Stored data entries:
lemma tangent_on_sphere_extend:
  assumes "0 \<le> T" "\<And>s. 0 \<le> s \<Longrightarrow> s \<le> T \<Longrightarrow> tangent_on_sphere s"
  shows "\<exists>h>0. \<forall>s. T \<le> s \<and> s \<le> T + h \<longrightarrow> tangent_on_sphere s"
proof -
  have "tangent_on_sphere T"
    using assms by simp
  then obtain d where "0 < d" and near: "\<And>s i j. T \<le> s \<Longrightarrow> s < T + d \<Longrightarrow> i < N \<Longrightarrow> j < N \<Longrightarrow>
      1/2 < norm (x i s) \<and> norm (x i s) < 3/2 \<and> norm (x i s - x j s) < 2"
    using near_sphere energy_decreasing assms by blast
  define K where "K = 4 * \<psi> 0"
  define h where "h = min (d / 2) (1 / (real N * K + 1))"
  have "0 \<le> K"
    unfolding K_def using psi_bounds[of 0] by simp
  have "0 < h"
    unfolding h_def using \<open>0 < d\<close> \<open>0 \<le> K\<close> by (simp add: add_nonneg_pos)
  have "real N * K * h \<le> real N * K * (1 / (real N * K + 1))"
    unfolding h_def using \<open>0 \<le> K\<close> by (intro mult_left_mono) auto
  also have "\<dots> < 1"
    using \<open>0 \<le> K\<close> by (simp add: divide_less_eq add_nonneg_pos)
  finally have "real N * K * h < 1" .
  moreover have "T + h < T + d"
    unfolding h_def using \<open>0 < d\<close> by simp
  ultimately have radial_zero: "x i s \<bullet> v i s = 0" if "i < N" "s \<in> {T..T+h}" for i s
    using radial_velocity_vanishes[OF assms(1) \<open>tangent_on_sphere T\<close>, of h] near that
    unfolding K_def by fastforce
  then have "norm (x i s) = 1" if "i < N" "s \<in> {T..T+h}" for i s
    using norm_position_constant[OF that(1) assms(1) _ that(2)] that(1) \<open>tangent_on_sphere T\<close>
    unfolding tangent_on_sphere_def by simp
  then show ?thesis
    using \<open>0 < h\<close> radial_zero unfolding tangent_on_sphere_def by auto
qed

> [Task statement]: Nothing but the exact lines of the data above, from the line containing "unfolding tangent_on_sphere_def by simp" through the last, should appear in the answer.

> [Output of the task]:
    unfolding tangent_on_sphere_def by simp
  then show ?thesis
    using \<open>0 < h\<close> radial_zero unfolding tangent_on_sphere_def by auto
qed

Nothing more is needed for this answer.